夜色渐浓,秦淮河畔渐渐热闹了起来,画舫上的灯笼一盏盏亮起,丝竹管弦之声,顺着风飘进了画坊里。
小厮们喝得东倒西歪,闹了大半夜,都回屋睡熟了。李智东也喝了几杯米酒,头有点晕,却没醉,脑子里依旧清醒得很。他躺在自己的破木板床上,翻来覆去睡不着,脑子里全是未来的规划。
他现在只是个画坊小厮,无依无靠,就算嘴皮子再厉害,也只能在这小小的画坊里横。
想在大明混出头,混成人上人,就得找机会,往上走,去北平,去皇城根下,找机会接触到这个时代最顶层的人。
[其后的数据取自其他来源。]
(* Let $\mathcal H$ be a complex separable Hilbert space with orthonormal basis $(|k\rangle)_{k\in\mathbb Z}$, let $Z$ be the selfadjoint operator with $Z|k\rangle=k|k\rangle$, and $V_x=e^{ixZ}$, $x\in\mathbb R$. Let $B:\mathbb Z\times\mathbb Z\to\mathbb D$ ($\mathbb D$ the closed unit disc) be positive semidefinite with $B(k,k)=1$ for all $k$, and let $E^B$ be the semispectral measure on the Borel sets of $[0,2\pi)$ given weakly by $$E^B(X)=\sum_{k,l\in\mathbb Z}B(k,l)\,i_X(k,l)\,|k\rangle\langle l|,\qquad i_X(k,l)=\frac1{2\pi}\int_Xe^{i(k-l)x}\,dx.$$ Let $E^1$ denote $E^B$ for the constant function $B\equiv1$. Then the following are equivalent: (a) $E^B$ is noiseless, i.e. $S^B_E:=E^B[2]-E^B[1]^2=0$, where $E^B[j]=\int_0^{2\pi}x^j\,dE^B(x)$ (weakly defined moment operators); (b) $B$ is noiseless, i.e. $s_n^B(l)=0$ for all $n\in\mathbb Z$ and all $l\in\{0,1,2,\ldots\}$, where $s_n^B(l)=(\pi/\sqrt3)^l\big(1-\frac3{\pi^2}\sum_{k\in\mathbb Z,k\neq n}\frac{|B(n,k)|^l}{(k-n)^2}\big)$; (c) $B$ takes values in the unit circle $\mathbb T$; (d) $E^B\simeq E^1$, i.e. there is a unitary $W$ on $\mathcal H$ with $WV_xW^*=V_x$ for all $x\in\mathbb R$ and $WE^1(X)W^*=E^B(X)$ for all Borel $X\subseteq[0,2\pi)$.
   Context: Such $E^B$ are exactly the semispectral measures $E$ on $[0,2\pi)$ satisfying $V_xE(X)V_x^*=E(X\oplus x)$, where $X\oplus x=\{y\in[0,2\pi):(y-x)\bmod 2\pi\in X\}$ (translation mod $2\pi$ covariant box localization observables); $E^1$ is the canonical spectral measure. One has $\langle n|S^B_E|n\rangle=s_n^B(2)$ for all $n\in\mathbb Z$. *)

theory Defs
  imports "HOL-Analysis.Analysis"
begin

text \<open>The Hilbert space is l2(Z) with standard basis |k>, k in Z. Operators are
represented by their matrix elements M k l = <k|M|l> (weak definition).\<close>

type_synonym cmatrix = "int \<Rightarrow> int \<Rightarrow> complex"

definition bounded_matrix :: "cmatrix \<Rightarrow> bool" where
  "bounded_matrix M \<longleftrightarrow> (\<exists>C. \<forall>F f g. finite F \<longrightarrow>
     cmod (\<Sum>k\<in>F. \<Sum>l\<in>F. cnj (f k) * M k l * g l)
       \<le> C * sqrt (\<Sum>k\<in>F. (cmod (f k))^2) * sqrt (\<Sum>l\<in>F. (cmod (g l))^2))"

definition mmult :: "cmatrix \<Rightarrow> cmatrix \<Rightarrow> cmatrix" where
  "mmult A C k l = (\<Sum>\<^sub>\<infinity>m. A k m * C m l)"

definition adjm :: "cmatrix \<Rightarrow> cmatrix" where
  "adjm A k l = cnj (A l k)"

definition idm :: cmatrix where
  "idm k l = (if k = l then 1 else 0)"

definition unitary_matrix :: "cmatrix \<Rightarrow> bool" where
  "unitary_matrix W \<longleftrightarrow> bounded_matrix W \<and> mmult W (adjm W) = idm \<and> mmult (adjm W) W = idm"

definition Vop :: "real \<Rightarrow> cmatrix" where
  "Vop x k l = (if k = l then exp (\<i> * of_real x * of_int k) else 0)"

definition iX :: "real set \<Rightarrow> int \<Rightarrow> int \<Rightarrow> complex" where
  "iX X k l = complex_of_real (1 / (2 * pi)) *
      (LINT x:X|lborel. exp (\<i> * of_int (k - l) * of_real x))"

definition EB :: "cmatrix \<Rightarrow> real set \<Rightarrow> cmatrix" where
  "EB B X k l = B k l * iX X k l"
就像韦小宝,进了皇宫,接触到了康熙,才有了后来的鹿鼎公。
他想在大明混得风生水起,就得走这条路。
正想着,肚子突然一阵翻江倒海,晚上酱肘子吃多了,又喝了凉米酒,闹肚子了。
他骂骂咧咧地爬起来,趿拉着破布鞋,朝着后院的茅房走去。
后院紧挨着一条偏僻的小巷,平日里就没什么人走,到了夜里,更是黑得伸手不见五指,只有远处画舫的灯光,偶尔能照进来一点。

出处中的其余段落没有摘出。